A marriage ceremony must be performed, which requires an observance of certain formalities after obtaining a marriage license. See 20 C.F.R. § 404.346(a); POMS GN 00305.055B.1. Based on the facts provided, Mrs. F~' marriage to Mr. F~ was recorded in the Dunklin County, Missouri, recorder's office and verified with the recorder of deeds. Under Missouri law, a marriage is not valid unless it is solemnized. See Mo. Ann. Stat. § 451.040. As the information provided does not dispute that it was solemnized, the evidence suggests that a marriage ceremony was performed.

"Good faith" means that at the time of the ceremony Mrs. F~ did not know that a legal impediment existed or thought that it would prevent a valid marriage. See 20 C.F.R. § 404.346(a); POMS GN 00305.055B.3. We believe that you could find that Mrs. F~' marriage was in good faith because she believed Mr. B~'s initial filing for divorce meant that she was divorced.

A legal impediment exists when a prior marriage has not been dissolved. See 20 C.F.R. § 404.346(a); POMS GN 00305.055B.3. As discussed above, Mrs. F~' first marriage did not dissolve prior to her second marriage to Mr. F~. Because it appears that Mrs. F~ meets all of the requirements of 20 C.F.R. § 404.346(a), she had a deemed valid marriage to Mr. F~ beginning April 9, 2005.

The deemed marriage provision does not apply if a marriage was invalid for a reason under state law that is not listed in the Regulations. See POMS GN 00305.055B.3. In this case, Mrs. F~ was receiving SSI benefits due to mental retardation. Because marriages are considered civil contracts, the consent of the parties is considered essential. See Mo. Ann. Stat. § 451.010. Case law in Missouri provides some guidance in determining whether mental retardation prohibits one's ability to understand and thus, give proper consent to enter into the marriage contract.
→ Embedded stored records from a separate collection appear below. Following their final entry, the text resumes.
lemma funpow_nxt: "k < length (cbd ts i ! j) \<Longrightarrow> (nxt ts ^^ k) (i, j, 0) = (i, j, k)"
  by (induction k) (simp_all add: nxt_eq)

lemma sum_length_cell_bd:
  "(\<Sum>i<length ts. length (cell_bd (ts ! i)))
    = length (filter is_disc ts) + 2 * length (filter (\<lambda>t. \<not> is_disc t) ts)"
proof (induction ts)
  case (Cons t ts)
  have "(\<Sum>i<length (t # ts). length (cell_bd ((t # ts) ! i)))
      = length (cell_bd t) + (\<Sum>i<length ts. length (cell_bd (ts ! i)))"
    by (simp only: length_Cons sum.lessThan_Suc_shift nth_Cons_0 nth_Cons_Suc)
  with Cons show ?case
    by (cases t) simp_all
qed simp

section \<open>The red-crossing double cover of a map\<close>

definition red_side :: "cell_type list \<Rightarrow> side \<Rightarrow> bool" where
  "red_side ts s \<longleftrightarrow> side_color ts s = Red"

definition base_edges :: "cell_type list \<Rightarrow> (side \<Rightarrow> side) \<Rightarrow> (side \<times> side) set" where
  "base_edges ts alpha = graph_on (sides ts) (nxt ts) \<union> graph_on (sides ts) alpha"

text \<open>The double cover of the glued surface (minus its vertices) that changes sheet whenever a
  red edge is crossed; a side s together with a sheet e is a point of the cover.\<close>
definition cover_edges :: "cell_type list \<Rightarrow> (side \<Rightarrow> side) \<Rightarrow> ((side \<times> bool) \<times> (side \<times> bool)) set" where
  "cover_edges ts alpha = graph_on (sides ts \<times> UNIV) (twist (nxt ts) (red_side ts))
     \<union> graph_on (sides ts \<times> UNIV) (twist alpha (red_side ts))"

lemma valid_gluingD:
  "valid_gluing ts alpha \<Longrightarrow> s \<in> sides ts \<Longrightarrow>
    alpha s \<in> sides ts \<and> alpha (alpha s) = s \<and> alpha s \<noteq> s \<and> red_side ts (alpha s) = red_side ts s"
  unfolding valid_gluing_def red_side_def by simp

lemma path_lifting_cover_edges: "path_lifting (base_edges ts alpha) (cover_edges ts alpha)"
  unfolding base_edges_def cover_edges_def
  by (intro path_lifting_Un path_lifting_graph_on_twist)

lemma nxt_comp_glue_permutes:
  assumes "valid_gluing ts alpha"
  shows "(nxt ts \<circ> alpha) ` sides ts \<subseteq> sides ts" "inj_on (nxt ts \<circ> alpha) (sides ts)"
proof -
  have maps: "alpha ` sides ts \<subseteq> sides ts"
    using valid_gluingD[OF assms] by blast
  then show "(nxt ts \<circ> alpha) ` sides ts \<subseteq> sides ts"
    using nxt_in by (auto simp: image_subset_iff)
  have "inj_on alpha (sides ts)"
    by (rule inj_onI) (metis valid_gluingD[OF assms])
  then show "inj_on (nxt ts \<circ> alpha) (sides ts)"
    by (rule comp_inj_on[OF _ inj_on_subset[OF nxt_inj maps]])
qed

lemma vert_rel_Image_step:
  assumes "valid_gluing ts alpha" "s \<in> sides ts"
  shows "vert_rel ts alpha `` {(nxt ts \<circ> alpha) s} = vert_rel ts alpha `` {s}"
proof -
  let ?f = "nxt ts \<circ> alpha"
  note perm = nxt_comp_glue_permutes[OF assms(1)]
  obtain p where p: "p > 0" "(?f ^^ p) s = s"
    using funpow_period[OF finite_sides perm(1,2) assms(2)] .
  have "(\<exists>n. t = (?f ^^ n) (?f s)) \<longleftrightarrow> (\<exists>n. t = (?f ^^ n) s)" for t
  proof
    assume "\<exists>n. t = (?f ^^ n) (?f s)"
    then show "\<exists>n. t = (?f ^^ n) s"
      by (metis comp_apply funpow_Suc_right)
  next
    assume "\<exists>n. t = (?f ^^ n) s"
    then obtain n where "t = (?f ^^ n) s"
      by blast
    then have "t = (?f ^^ (n + (p - 1))) (?f s)"
      using p by (metis (no_types) Suc_pred' comp_apply funpow_Suc_right funpow_add)
    then show "\<exists>n. t = (?f ^^ n) (?f s)"
      by blast
  qed
  moreover have "?f s \<in> sides ts"
    using perm(1) assms(2) by blast
  ultimately show ?thesis
    using assms(2) unfolding vert_rel_def by auto
qed

lemma card_image_sheets_le_num_comps:
  fixes q :: "'a \<times> bool \<Rightarrow> 'b \<times> bool"
  assumes "finite D" "\<forall>(p, p')\<in>E. q p = q p'" "q ` (D \<times> UNIV) = A \<times> (UNIV :: bool set)"
  shows "2 * card A \<le> num_comps (D \<times> UNIV) E"
proof -
  have "card (q ` (D \<times> UNIV)) = 2 * card A"
    unfolding assms(3) by (simp add: card_cartesian_product card_UNIV_bool)
  moreover have "card (q ` (D \<times> UNIV)) \<le> num_comps (D \<times> UNIV) E"
    using assms(1,2) by (intro card_image_le_num_comps) simp_all
  ultimately show ?thesis
    by simp
qed

text \<open>Every vertex of the map has two lifts, as the sheet returns to itself after going once
  around a vertex (each edge is crossed twice, the two sides having the same colour).\<close>
lemma vertices_le_num_comps_cover:
  assumes "valid_gluing ts alpha"
  shows "2 * num_vertices ts alpha \<le> num_comps (sides ts \<times> UNIV)
    (graph_on (sides ts \<times> UNIV) (twist (nxt ts) (red_side ts) \<circ> twist alpha (red_side ts)))"
  unfolding num_vertices_def
proof (rule card_image_sheets_le_num_comps[OF finite_sides])
  let ?q = "\<lambda>p. (vert_rel ts alpha `` {fst p}, snd p)"
  show "\<forall>(p, p')\<in>graph_on (sides ts \<times> UNIV) (twist (nxt ts) (red_side ts) \<circ> twist alpha (red_side ts)).
      ?q p = ?q p'"
    using valid_gluingD[OF assms] vert_rel_Image_step[OF assms] by (auto simp: graph_on_def)
  show "?q ` (sides ts \<times> UNIV) = (sides ts // vert_rel ts alpha) \<times> UNIV"
    unfolding quotient_def by force
qed

definition red_parity :: "cell_type list \<Rightarrow> side \<Rightarrow> bool" where
  "red_parity ts s =
     odd (length (filter (\<lambda>c. c = Red) (take (snd (snd s)) (cbd ts (fst s) ! fst (snd s)))))"

lemma red_parity_nxt:
  assumes "s \<in> sides ts"
  shows "red_parity ts (nxt ts s) = (red_parity ts s \<noteq> red_side ts s)"
proof -
  obtain i j k where s: "s = (i, j, k)"
    by (cases s)
  let ?l = "cbd ts i ! j"
  have j: "j < length (cbd ts i)" and k: "k < length ?l"
    using assms s by (auto simp: sides_iff)
  have take: "take (Suc k) ?l = take k ?l @ [?l ! k]"
    by (rule take_Suc_conv_app_nth[OF k])
  have red: "red_side ts s = (?l ! k = Red)"
    unfolding s red_side_def side_color_def by simp
  show ?thesis
  proof (cases "Suc k = length ?l")
    case True
    then have "even (length (filter (\<lambda>c. c = Red) (take k ?l @ [?l ! k])))"
      using even_count_red_cbd[OF j] take by simp
    then show ?thesis
      using True red unfolding s red_parity_def by (auto simp: nxt_eq)
  next
    case False
    then show ?thesis
      using k red take unfolding s red_parity_def by (auto simp: nxt_eq)
  qed
qed

lemma card_circles:
  "card ((\<lambda>s. (fst s, fst (snd s))) ` sides ts) = num_discs ts + 2 * length (filter (\<lambda>t. \<not> is_disc t) ts)"
proof -
  have "(\<lambda>s. (fst s, fst (snd s))) ` sides ts = (SIGMA i:{..length ts}. {..<length (cbd ts i)})"
    using length_cbd_circle[of _ ts] by (force simp: sides_def image_iff)
  moreover have "card (SIGMA i:{..length ts}. {..<length (cbd ts i)}) = (\<Sum>i\<le>length ts. length (cbd ts i))"
    by (simp add: card_SigmaI)
  moreover have "\<dots> = 1 + (\<Sum>i<length ts. length (cell_bd (ts ! i)))"
    by (simp add: sum.atMost_shift cbd_root cbd_cell)
  ultimately show ?thesis
    unfolding num_discs_def sum_length_cell_bd by simp
qed

text \<open>Every boundary circle has two lifts, since it carries an even number of red sides.\<close>
lemma circles_le_num_comps_cover:
  "2 * (num_discs ts + 2 * length (filter (\<lambda>t. \<not> is_disc t) ts))
    \<le> num_comps (sides ts \<times> UNIV) (graph_on (sides ts \<times> UNIV) (twist (nxt ts) (red_side ts)))"
  unfolding card_circles[symmetric]
proof (rule card_image_sheets_le_num_comps[OF finite_sides])
  let ?q = "\<lambda>p. ((fst (fst p), fst (snd (fst p))), snd p \<noteq> red_parity ts (fst p))"
  show "\<forall>(p, p')\<in>graph_on (sides ts \<times> UNIV) (twist (nxt ts) (red_side ts)). ?q p = ?q p'"
  proof
    fix pp assume "pp \<in> graph_on (sides ts \<times> UNIV) (twist (nxt ts) (red_side ts))"
    then obtain s e where s: "s \<in> sides ts" "pp = ((s, e), twist (nxt ts) (red_side ts) (s, e))"
      unfolding graph_on_def by auto
    have "fst (nxt ts s) = fst s" "fst (snd (nxt ts s)) = fst (snd s)"
      by (cases s; simp add: nxt_eq)+
    then show "case pp of (p, p') \<Rightarrow> ?q p = ?q p'"
      using red_parity_nxt[OF s(1)] s(2) by auto
  qed
  show "?q ` (sides ts \<times> UNIV) = (\<lambda>s. (fst s, fst (snd s))) ` sides ts \<times> UNIV"
  proof (intro set_eqI iffI)
    fix z assume "z \<in> (\<lambda>s. (fst s, fst (snd s))) ` sides ts \<times> (UNIV :: bool set)"
    then obtain s b where "s \<in> sides ts" "z = ((fst s, fst (snd s)), b)"
      by auto
    then show "z \<in> ?q ` (sides ts \<times> UNIV)"
      by (intro image_eqI[of _ _ "(s, b \<noteq> red_parity ts s)"]) auto
  qed auto
qed

definition cylinder_edges :: "cell_type list \<Rightarrow> (side \<times> side) set" where
  "cylinder_edges ts = (\<lambda>i. ((Suc i, 0, 0), (Suc i, 1, 0))) ` {i. i < length ts \<and> \<not> is_disc (ts ! i)}"

lemma card_cylinder_edges: "card (cylinder_edges ts) \<le> length (filter (\<lambda>t. \<not> is_disc t) ts)"
  unfolding cylinder_edges_def length_filter_conv_card by (rule card_image_le) simp

lemma comp_rel_circle:
  assumes "(i, j, k) \<in> sides ts"
  shows "((i, j, 0), (i, j, k)) \<in> comp_rel (graph_on (sides ts) (nxt ts))"
proof -
  have start: "(i, j, 0) \<in> sides ts" and k: "k < length (cbd ts i ! j)"
    using assms by (auto simp: sides_iff)
  have "nxt ts ` sides ts \<subseteq> sides ts"
    using nxt_in by blast
  then have "((i, j, 0), (nxt ts ^^ k) (i, j, 0)) \<in> comp_rel (graph_on (sides ts) (nxt ts))"
    using start by (rule comp_rel_funpow) simp
  then show ?thesis
    using funpow_nxt[OF k] by simp
qed

text \<open>The two boundary circles of a cylinder are not joined by the boundary walk; one extra edge
  per cylinder makes every cell connected.\<close>
lemma adj_rel_subset_comp_rel:
  "adj_rel ts alpha \<subseteq> comp_rel (base_edges ts alpha \<union> cylinder_edges ts)"
proof
  let ?C = "comp_rel (base_edges ts alpha \<union> cylinder_edges ts)"
  have "comp_rel (graph_on (sides ts) (nxt ts)) \<subseteq> ?C"
    by (rule comp_rel_subset) (auto simp: base_edges_def)
  then have circle: "((i, j, 0), (i, j, k)) \<in> ?C" if "(i, j, k) \<in> sides ts" for i j k
    using comp_rel_circle[OF that] by (rule subsetD)
  have circles: "((i, j, 0), (i, j', 0)) \<in> ?C"
    if "j < length (cbd ts i)" "j' < length (cbd ts i)" "i \<le> length ts" for i j j'
  proof (cases "j = j'")
    case False
    then have "length (cbd ts i) = 2"
      using that length_cbd(2)[of ts i] by linarith
    then have "i \<noteq> 0" "\<not> is_disc (ts ! (i - 1))"
      using cbd_two_circles by blast+
    then have "((i, 0, 0), (i, 1, 0)) \<in> cylinder_edges ts"
      using that(3) unfolding cylinder_edges_def by (auto intro!: image_eqI[of _ _ "i - 1"])
    then have "((i, 0, 0), (i, 1, 0)) \<in> ?C"
      by (simp add: comp_rel_edge)
    moreover from this have "((i, 1, 0), (i, 0, 0)) \<in> ?C"
      by (rule comp_rel_sym)
    moreover have "j = 0 \<and> j' = 1 \<or> j = 1 \<and> j' = 0"
      using that \<open>length (cbd ts i) = 2\<close> False by auto
    ultimately show ?thesis
      by auto
  qed simp
  fix p assume "p \<in> adj_rel ts alpha"
  then consider s where "s \<in> sides ts" "p = (s, alpha s)"
    | i j k j' k' where "(i, j, k) \<in> sides ts" "(i, j', k') \<in> sides ts" "p = ((i, j, k), (i, j', k'))"
    unfolding adj_rel_def by force
  then show "p \<in> ?C"
  proof cases
    case 1
    then show ?thesis
      unfolding base_edges_def by (auto intro: comp_rel_edge graph_onI)
  next
    case 2
    have "((i, j, 0), (i, j', 0)) \<in> ?C"
      using 2(1,2) by (intro circles) (simp_all add: sides_iff)
    then show ?thesis
      unfolding 2(3)
      by (rule comp_rel_trans[OF comp_rel_trans[OF comp_rel_sym[OF circle[OF 2(1)]]] circle[OF 2(2)]])
  qed
qed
An individual's capacity to enter into a marriage contract is governed by the condition of their mind at the time of the marriage. See Westermayer v. Westermayer, 267 S.W. 24 (Mo. Ct. App 1924).

In Westermayer, the court concluded that "mere weakness of intellect is not deemed sufficient to invalidate [a] marriage, if the party [was] capable of comprehending and understanding the subject of the contract, its nature, and probable consequence." Id. at 26. While it is true that Mr. F~ is the representative payee for Mrs. F~, this does not demonstrate that she lacked the ability to comprehend the consequences of her actions. More recent case law states that it is possible for an individual to understand that she is being married and to understand the effects and consequences of the marriage relationship while not being able to wisely manage her property or business affairs. See Sheffield v. Andrews, 440 S.W.2d 175 (Mo. App. 1969). There is no indication that Mrs. F~ lacked the capacity to enter into the marriage contract or understand the nature and probable consequences of entering into a marriage contract.

Mrs. F~ Full Scale IQ was a 74 and there is no indication that her first marriage was annulled because she lacked the mental capacity to enter it in November 2000. As Mrs. F~' second marriage is void due to her ongoing first marriage, and not due to mental deficiencies, the deemed marriage provision would remain applicable.

As Mrs. F~' marriage to Mr. F~ is deemed valid under the Regulations, Mrs. F~ is not "unmarried" as required by 20 C.F.R. § 404.350. See also POMS RS 00203.001; RS 00203.020. The Regulations state that entitlement to child's benefits ends with the month before the month you marry. See 20 C.F.R. § 404.352(a)(4) (2008).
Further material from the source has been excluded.